# Action item:
In this material, which lines include the string "simp"? Show them.

# Extracted material:
= = =

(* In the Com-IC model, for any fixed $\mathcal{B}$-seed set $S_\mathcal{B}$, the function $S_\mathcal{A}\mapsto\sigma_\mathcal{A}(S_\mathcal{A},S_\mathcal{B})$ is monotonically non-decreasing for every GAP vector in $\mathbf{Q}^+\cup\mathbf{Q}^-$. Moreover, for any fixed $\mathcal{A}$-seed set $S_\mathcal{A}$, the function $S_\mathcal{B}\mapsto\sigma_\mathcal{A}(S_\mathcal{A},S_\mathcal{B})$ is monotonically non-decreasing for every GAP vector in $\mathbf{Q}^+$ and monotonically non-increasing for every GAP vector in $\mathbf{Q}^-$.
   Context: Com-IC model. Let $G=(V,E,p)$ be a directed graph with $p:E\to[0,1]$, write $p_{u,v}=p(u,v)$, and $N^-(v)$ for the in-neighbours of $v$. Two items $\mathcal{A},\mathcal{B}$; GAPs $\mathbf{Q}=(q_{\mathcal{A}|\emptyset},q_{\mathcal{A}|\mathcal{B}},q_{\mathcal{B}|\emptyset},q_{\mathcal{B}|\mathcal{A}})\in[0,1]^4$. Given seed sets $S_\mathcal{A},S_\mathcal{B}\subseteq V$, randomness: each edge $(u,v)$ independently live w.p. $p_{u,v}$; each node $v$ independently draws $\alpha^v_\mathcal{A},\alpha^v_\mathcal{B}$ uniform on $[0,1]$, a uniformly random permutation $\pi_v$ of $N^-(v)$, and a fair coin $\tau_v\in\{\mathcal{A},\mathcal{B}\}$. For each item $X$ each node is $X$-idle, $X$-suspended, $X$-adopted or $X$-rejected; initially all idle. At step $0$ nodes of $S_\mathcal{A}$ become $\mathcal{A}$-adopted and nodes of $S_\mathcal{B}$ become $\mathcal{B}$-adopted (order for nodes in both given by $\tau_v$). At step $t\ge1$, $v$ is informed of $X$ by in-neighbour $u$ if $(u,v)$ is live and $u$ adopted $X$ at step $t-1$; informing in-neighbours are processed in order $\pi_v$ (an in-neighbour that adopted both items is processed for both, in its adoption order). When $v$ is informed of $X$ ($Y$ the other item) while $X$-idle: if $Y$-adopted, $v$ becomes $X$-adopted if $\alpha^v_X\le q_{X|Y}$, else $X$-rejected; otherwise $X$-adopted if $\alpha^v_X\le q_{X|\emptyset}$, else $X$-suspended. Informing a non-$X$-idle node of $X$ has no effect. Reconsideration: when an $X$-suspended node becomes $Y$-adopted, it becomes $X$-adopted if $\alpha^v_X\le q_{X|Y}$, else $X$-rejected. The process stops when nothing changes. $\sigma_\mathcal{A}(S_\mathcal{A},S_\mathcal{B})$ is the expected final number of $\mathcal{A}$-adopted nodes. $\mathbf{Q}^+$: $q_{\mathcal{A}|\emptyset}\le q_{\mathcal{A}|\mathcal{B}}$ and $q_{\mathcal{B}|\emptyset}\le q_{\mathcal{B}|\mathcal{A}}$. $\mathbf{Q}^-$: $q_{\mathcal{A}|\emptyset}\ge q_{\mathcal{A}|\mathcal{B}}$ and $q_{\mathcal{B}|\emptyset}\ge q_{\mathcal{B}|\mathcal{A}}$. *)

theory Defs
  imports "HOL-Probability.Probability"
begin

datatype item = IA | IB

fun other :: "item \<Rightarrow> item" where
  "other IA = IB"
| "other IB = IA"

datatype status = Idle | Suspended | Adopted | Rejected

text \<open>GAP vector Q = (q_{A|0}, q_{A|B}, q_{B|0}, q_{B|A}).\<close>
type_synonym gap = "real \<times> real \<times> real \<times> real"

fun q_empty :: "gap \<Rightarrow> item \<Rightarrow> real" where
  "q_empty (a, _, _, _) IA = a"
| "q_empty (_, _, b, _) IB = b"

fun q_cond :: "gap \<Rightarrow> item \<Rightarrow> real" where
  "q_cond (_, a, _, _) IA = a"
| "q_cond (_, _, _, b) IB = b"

= = =

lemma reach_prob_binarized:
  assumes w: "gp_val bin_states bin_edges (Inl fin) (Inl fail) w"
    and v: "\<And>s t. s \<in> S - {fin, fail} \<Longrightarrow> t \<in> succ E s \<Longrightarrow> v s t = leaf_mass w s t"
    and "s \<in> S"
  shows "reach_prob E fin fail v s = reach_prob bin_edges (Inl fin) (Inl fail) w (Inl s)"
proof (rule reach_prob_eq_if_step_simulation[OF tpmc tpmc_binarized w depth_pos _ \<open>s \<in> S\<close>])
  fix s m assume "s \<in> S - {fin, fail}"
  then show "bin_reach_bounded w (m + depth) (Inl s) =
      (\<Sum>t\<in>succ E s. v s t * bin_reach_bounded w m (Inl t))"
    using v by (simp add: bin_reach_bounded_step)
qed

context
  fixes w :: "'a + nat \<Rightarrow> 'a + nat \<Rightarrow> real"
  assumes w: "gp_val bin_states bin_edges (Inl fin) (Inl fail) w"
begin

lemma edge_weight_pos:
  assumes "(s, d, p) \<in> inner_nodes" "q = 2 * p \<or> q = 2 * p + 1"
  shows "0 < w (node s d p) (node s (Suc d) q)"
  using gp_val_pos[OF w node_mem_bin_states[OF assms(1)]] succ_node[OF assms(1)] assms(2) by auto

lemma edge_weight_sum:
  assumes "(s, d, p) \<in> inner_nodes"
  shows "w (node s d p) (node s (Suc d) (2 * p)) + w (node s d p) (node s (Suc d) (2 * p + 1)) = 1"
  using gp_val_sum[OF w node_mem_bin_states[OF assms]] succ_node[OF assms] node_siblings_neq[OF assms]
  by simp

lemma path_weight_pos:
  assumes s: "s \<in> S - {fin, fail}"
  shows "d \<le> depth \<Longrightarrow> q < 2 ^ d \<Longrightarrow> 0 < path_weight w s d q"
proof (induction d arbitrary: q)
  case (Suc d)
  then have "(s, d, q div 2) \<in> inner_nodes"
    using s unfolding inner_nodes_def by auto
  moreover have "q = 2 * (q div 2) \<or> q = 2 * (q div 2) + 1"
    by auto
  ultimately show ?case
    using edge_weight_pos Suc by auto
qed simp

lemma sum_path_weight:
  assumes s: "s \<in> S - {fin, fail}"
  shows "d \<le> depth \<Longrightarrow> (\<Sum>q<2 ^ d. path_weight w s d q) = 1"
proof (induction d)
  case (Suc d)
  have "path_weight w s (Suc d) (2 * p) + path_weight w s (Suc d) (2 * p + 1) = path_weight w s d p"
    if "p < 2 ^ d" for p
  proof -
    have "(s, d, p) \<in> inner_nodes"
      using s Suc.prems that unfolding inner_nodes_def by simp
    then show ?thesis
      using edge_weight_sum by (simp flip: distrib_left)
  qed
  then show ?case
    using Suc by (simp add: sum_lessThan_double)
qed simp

= = =

# Task answer:
    using v by (simp add: bin_reach_bounded_step)
  by simp
qed simp
      using s Suc.prems that unfolding inner_nodes_def by simp
      using edge_weight_sum by (simp flip: distrib_left)
    using Suc by (simp add: sum_lessThan_double)
qed simp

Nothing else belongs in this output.